• What you will do
Take the data below and copy exactly the lines starting at the one with "f a + sum f" and finishing at the one with "False by auto", both included.

• Stored data
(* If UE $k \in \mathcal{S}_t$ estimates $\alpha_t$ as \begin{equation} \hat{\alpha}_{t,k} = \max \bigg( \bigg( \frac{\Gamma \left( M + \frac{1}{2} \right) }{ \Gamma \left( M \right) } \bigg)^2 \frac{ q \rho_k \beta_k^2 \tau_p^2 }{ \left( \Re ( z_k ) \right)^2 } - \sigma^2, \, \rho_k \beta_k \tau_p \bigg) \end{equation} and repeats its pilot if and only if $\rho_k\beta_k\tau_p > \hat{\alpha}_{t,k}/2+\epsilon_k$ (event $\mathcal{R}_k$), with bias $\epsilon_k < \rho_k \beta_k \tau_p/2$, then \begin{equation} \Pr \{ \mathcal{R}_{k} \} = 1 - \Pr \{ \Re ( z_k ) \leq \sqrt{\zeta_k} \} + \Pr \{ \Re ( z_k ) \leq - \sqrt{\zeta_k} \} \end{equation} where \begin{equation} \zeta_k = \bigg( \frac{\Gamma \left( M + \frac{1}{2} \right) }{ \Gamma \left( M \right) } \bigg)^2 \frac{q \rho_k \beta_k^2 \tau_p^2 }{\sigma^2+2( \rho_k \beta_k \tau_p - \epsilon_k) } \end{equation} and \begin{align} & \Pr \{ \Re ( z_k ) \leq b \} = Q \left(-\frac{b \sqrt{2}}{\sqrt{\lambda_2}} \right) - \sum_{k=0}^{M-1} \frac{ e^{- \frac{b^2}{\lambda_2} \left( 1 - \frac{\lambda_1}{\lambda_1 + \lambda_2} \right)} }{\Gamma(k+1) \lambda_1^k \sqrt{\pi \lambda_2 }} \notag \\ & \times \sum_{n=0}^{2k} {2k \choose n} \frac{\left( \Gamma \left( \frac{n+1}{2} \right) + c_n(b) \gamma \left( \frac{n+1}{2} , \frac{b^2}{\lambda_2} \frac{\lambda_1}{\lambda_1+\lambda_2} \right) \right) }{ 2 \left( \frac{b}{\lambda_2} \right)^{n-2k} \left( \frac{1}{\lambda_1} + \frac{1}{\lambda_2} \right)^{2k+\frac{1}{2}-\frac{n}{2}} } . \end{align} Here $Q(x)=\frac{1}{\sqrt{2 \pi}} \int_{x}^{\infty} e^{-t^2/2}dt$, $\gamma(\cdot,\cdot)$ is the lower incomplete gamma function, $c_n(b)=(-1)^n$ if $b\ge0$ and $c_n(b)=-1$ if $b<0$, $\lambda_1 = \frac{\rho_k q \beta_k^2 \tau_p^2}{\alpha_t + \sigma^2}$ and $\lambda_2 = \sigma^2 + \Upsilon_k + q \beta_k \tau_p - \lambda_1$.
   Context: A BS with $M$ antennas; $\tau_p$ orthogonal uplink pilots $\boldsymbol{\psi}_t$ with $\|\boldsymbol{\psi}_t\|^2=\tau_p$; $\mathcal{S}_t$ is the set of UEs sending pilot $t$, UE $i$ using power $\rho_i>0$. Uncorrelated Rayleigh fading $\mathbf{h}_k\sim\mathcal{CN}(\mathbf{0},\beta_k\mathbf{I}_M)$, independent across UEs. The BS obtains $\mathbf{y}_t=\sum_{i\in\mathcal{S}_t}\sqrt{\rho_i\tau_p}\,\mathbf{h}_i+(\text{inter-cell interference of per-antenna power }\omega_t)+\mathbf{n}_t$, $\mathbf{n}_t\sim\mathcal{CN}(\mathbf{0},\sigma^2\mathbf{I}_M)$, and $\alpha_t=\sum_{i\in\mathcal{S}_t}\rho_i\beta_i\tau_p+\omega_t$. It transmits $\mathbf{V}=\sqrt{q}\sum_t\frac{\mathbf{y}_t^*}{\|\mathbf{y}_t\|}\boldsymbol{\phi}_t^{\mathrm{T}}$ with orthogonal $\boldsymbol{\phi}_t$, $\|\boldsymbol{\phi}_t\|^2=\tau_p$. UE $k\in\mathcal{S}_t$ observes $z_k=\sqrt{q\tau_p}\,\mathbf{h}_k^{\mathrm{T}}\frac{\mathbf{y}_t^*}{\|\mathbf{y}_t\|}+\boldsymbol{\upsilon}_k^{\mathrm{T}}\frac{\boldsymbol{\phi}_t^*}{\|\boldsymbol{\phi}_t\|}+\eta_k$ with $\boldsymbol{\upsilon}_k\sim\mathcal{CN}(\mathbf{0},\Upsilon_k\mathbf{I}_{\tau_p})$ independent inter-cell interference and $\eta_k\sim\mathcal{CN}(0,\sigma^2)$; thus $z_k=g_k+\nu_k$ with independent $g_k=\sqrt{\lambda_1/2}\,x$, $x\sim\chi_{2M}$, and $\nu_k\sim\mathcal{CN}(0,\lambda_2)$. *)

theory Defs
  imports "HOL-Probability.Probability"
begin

==

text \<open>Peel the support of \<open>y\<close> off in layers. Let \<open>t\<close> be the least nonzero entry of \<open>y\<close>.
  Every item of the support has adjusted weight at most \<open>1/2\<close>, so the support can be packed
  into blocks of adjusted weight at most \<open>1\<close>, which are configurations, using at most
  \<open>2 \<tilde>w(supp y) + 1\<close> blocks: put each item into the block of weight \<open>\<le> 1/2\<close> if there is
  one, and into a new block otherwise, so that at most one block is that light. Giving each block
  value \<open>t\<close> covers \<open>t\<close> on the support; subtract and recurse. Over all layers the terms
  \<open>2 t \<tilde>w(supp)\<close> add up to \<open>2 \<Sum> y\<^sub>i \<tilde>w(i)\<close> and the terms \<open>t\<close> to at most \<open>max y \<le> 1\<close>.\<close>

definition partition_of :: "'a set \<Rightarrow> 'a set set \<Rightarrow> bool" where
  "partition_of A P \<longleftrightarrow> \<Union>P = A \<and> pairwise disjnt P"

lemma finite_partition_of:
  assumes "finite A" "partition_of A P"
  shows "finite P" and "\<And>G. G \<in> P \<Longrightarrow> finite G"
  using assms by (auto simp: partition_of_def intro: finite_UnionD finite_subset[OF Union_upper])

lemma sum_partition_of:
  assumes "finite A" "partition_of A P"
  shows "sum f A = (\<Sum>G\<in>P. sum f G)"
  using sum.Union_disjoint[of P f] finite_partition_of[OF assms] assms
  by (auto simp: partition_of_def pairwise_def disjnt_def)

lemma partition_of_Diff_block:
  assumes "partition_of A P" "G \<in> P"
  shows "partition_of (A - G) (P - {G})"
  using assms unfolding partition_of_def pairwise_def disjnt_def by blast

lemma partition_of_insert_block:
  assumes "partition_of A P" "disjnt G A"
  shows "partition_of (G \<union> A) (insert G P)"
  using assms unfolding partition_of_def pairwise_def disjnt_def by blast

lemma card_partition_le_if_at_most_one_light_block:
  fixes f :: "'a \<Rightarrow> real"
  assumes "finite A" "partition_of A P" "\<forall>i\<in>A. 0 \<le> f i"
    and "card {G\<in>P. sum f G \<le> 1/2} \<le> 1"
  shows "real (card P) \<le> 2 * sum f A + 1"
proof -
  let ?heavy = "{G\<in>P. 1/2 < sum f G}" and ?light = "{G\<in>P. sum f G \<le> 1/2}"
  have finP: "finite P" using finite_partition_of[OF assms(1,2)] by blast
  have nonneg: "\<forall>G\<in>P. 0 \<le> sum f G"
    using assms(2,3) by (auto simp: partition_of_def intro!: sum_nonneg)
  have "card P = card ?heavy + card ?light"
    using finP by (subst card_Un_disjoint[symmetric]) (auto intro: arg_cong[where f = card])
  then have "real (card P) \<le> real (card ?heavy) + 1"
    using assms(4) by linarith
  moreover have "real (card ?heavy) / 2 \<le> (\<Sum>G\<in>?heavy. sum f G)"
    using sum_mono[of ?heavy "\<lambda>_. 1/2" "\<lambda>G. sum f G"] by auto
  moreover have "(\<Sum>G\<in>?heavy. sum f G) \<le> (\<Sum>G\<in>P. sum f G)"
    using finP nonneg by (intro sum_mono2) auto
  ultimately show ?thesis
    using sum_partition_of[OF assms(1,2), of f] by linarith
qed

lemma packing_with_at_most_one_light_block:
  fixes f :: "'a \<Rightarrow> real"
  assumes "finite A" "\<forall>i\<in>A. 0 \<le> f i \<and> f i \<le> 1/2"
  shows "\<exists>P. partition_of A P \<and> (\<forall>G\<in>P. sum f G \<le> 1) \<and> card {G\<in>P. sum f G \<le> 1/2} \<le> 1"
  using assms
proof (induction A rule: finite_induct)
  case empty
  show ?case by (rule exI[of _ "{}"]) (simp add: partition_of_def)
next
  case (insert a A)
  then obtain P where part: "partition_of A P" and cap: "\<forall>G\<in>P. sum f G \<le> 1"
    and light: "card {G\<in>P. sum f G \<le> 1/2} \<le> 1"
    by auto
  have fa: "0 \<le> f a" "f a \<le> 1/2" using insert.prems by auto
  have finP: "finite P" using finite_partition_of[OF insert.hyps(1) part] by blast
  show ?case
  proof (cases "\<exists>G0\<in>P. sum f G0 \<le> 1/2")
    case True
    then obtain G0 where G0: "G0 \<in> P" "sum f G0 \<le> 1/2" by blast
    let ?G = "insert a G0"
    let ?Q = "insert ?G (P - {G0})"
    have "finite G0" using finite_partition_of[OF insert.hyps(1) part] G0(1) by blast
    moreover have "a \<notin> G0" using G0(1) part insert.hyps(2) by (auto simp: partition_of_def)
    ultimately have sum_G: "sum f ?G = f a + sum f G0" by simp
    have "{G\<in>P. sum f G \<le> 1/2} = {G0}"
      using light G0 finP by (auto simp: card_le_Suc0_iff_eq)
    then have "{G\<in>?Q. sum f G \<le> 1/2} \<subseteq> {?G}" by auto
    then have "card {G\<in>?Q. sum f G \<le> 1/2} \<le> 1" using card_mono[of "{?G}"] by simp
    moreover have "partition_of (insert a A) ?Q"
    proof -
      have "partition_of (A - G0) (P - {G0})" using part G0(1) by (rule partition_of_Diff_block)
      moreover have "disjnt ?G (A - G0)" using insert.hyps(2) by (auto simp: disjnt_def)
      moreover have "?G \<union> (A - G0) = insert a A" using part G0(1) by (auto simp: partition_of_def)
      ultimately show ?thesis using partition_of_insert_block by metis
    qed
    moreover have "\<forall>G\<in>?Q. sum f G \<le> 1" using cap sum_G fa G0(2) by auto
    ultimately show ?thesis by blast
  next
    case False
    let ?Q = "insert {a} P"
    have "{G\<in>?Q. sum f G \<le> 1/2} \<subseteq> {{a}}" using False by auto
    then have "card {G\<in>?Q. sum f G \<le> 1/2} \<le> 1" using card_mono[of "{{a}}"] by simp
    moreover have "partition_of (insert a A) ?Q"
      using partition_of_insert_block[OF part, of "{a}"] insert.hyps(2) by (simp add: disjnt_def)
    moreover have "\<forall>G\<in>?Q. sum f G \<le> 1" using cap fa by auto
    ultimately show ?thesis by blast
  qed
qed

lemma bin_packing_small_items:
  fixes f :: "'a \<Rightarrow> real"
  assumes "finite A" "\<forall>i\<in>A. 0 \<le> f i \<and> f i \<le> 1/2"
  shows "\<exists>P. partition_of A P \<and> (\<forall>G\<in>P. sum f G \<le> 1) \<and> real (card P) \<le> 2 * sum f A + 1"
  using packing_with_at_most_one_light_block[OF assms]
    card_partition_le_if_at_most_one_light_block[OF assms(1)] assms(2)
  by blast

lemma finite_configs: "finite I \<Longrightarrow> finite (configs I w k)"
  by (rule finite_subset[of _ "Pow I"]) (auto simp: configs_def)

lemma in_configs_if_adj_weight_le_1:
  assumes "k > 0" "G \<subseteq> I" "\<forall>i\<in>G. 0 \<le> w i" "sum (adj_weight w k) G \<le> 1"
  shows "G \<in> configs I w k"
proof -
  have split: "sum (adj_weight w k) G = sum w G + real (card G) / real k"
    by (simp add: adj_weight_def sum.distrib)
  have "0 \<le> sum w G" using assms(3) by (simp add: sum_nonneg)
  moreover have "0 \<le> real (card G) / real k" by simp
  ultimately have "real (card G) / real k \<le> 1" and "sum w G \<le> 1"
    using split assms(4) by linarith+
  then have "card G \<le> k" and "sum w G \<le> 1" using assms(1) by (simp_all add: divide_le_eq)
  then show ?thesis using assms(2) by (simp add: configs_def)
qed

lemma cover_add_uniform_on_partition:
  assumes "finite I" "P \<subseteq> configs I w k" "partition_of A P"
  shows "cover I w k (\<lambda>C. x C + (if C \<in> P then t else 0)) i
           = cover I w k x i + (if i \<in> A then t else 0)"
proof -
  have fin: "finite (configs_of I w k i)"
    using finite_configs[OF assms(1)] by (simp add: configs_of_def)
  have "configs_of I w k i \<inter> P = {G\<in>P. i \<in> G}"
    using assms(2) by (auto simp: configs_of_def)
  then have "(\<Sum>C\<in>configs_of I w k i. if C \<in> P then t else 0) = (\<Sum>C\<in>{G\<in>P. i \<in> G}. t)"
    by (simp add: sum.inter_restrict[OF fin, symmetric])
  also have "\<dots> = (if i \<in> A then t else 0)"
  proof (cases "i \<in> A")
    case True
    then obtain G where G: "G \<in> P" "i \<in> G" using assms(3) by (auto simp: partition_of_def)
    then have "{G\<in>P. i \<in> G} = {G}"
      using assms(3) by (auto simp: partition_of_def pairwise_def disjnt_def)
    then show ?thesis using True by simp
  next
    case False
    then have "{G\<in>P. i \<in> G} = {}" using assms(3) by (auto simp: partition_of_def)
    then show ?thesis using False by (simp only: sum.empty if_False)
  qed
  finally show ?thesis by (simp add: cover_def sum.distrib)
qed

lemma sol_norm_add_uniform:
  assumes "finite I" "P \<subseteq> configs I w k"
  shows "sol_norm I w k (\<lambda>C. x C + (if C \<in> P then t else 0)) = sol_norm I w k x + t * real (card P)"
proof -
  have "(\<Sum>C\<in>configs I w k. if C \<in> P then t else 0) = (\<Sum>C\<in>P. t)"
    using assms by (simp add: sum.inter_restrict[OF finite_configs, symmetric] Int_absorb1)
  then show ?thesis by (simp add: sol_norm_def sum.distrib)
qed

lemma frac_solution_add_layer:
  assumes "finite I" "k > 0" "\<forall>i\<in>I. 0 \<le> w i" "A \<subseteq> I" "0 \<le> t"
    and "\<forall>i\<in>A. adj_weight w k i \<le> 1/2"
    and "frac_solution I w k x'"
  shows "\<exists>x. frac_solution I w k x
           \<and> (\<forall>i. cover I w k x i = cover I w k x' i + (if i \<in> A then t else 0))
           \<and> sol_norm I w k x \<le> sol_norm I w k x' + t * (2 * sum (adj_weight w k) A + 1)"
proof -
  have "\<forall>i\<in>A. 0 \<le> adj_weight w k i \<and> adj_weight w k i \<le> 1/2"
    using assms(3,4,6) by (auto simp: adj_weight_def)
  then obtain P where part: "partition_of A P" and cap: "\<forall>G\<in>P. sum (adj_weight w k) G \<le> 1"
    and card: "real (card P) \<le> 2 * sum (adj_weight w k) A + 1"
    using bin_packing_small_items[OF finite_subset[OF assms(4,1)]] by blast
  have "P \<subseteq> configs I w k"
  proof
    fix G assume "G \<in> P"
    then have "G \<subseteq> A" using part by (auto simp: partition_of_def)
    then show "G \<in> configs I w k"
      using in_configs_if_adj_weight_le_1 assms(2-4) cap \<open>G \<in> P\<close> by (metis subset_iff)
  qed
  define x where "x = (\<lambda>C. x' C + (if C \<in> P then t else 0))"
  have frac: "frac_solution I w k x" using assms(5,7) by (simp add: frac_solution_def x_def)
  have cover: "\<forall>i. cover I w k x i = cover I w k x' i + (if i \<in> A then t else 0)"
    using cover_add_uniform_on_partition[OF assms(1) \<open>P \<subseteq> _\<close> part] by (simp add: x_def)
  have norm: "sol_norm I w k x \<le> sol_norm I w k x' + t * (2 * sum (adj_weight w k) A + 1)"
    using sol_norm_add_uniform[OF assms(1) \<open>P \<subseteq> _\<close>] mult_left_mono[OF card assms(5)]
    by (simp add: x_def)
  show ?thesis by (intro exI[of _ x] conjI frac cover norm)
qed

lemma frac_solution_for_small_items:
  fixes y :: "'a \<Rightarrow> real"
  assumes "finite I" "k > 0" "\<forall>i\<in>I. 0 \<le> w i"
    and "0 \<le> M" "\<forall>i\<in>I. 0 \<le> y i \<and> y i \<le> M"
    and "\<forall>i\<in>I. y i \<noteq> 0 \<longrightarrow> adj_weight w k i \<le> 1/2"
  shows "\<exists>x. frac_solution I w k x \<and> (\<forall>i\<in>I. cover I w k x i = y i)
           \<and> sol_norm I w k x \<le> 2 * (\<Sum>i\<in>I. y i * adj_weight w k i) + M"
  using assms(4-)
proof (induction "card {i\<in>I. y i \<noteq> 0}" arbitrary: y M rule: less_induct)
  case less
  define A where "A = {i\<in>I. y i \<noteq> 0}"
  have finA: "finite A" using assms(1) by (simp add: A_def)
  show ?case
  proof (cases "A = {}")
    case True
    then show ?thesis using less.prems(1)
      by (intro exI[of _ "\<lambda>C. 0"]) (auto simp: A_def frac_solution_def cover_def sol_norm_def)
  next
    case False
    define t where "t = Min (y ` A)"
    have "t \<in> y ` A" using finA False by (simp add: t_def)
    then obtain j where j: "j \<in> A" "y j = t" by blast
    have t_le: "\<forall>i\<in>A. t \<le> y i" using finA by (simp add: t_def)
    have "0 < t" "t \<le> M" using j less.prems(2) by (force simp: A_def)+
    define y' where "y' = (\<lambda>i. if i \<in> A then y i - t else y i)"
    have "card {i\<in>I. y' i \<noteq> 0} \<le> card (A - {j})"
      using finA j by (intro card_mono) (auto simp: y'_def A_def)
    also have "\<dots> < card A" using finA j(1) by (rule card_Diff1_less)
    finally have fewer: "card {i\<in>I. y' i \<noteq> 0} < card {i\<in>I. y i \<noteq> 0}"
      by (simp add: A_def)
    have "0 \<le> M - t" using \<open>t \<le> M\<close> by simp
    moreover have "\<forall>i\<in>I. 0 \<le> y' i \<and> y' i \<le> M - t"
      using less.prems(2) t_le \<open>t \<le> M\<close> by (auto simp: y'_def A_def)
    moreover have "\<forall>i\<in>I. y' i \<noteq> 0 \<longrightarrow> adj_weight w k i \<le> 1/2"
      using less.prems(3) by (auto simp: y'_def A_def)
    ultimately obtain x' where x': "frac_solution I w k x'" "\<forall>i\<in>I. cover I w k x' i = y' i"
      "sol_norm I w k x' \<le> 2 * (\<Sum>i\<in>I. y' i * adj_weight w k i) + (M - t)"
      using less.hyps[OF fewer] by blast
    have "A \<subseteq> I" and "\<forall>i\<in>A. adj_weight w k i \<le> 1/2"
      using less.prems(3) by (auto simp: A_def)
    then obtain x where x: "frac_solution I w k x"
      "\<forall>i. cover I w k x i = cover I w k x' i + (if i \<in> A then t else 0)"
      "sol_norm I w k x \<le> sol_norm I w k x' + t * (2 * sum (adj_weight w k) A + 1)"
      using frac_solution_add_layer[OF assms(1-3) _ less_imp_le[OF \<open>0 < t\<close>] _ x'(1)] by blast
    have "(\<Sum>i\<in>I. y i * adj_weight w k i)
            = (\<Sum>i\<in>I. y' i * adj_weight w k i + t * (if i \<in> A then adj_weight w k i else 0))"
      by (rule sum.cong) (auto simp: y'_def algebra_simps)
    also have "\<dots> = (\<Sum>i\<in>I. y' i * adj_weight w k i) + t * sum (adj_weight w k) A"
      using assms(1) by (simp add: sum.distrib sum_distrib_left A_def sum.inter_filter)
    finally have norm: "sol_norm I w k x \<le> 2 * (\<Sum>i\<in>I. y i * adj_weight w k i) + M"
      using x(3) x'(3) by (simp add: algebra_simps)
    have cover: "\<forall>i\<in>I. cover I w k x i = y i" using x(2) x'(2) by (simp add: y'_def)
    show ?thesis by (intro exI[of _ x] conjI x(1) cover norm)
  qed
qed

• Response
    ultimately have sum_G: "sum f ?G = f a + sum f G0" by simp
    have "{G\<in>P. sum f G \<le> 1/2} = {G0}"
      using light G0 finP by (auto simp: card_le_Suc0_iff_eq)
    then have "{G\<in>?Q. sum f G \<le> 1/2} \<subseteq> {?G}" by auto
    then have "card {G\<in>?Q. sum f G \<le> 1/2} \<le> 1" using card_mono[of "{?G}"] by simp
    moreover have "partition_of (insert a A) ?Q"
    proof -
      have "partition_of (A - G0) (P - {G0})" using part G0(1) by (rule partition_of_Diff_block)
      moreover have "disjnt ?G (A - G0)" using insert.hyps(2) by (auto simp: disjnt_def)
      moreover have "?G \<union> (A - G0) = insert a A" using part G0(1) by (auto simp: partition_of_def)
      ultimately show ?thesis using partition_of_insert_block by metis
    qed
    moreover have "\<forall>G\<in>?Q. sum f G \<le> 1" using cap sum_G fa G0(2) by auto
    ultimately show ?thesis by blast
  next
    case False
    let ?Q = "insert {a} P"
    have "{G\<in>?Q. sum f G \<le> 1/2} \<subseteq> {{a}}" using False by auto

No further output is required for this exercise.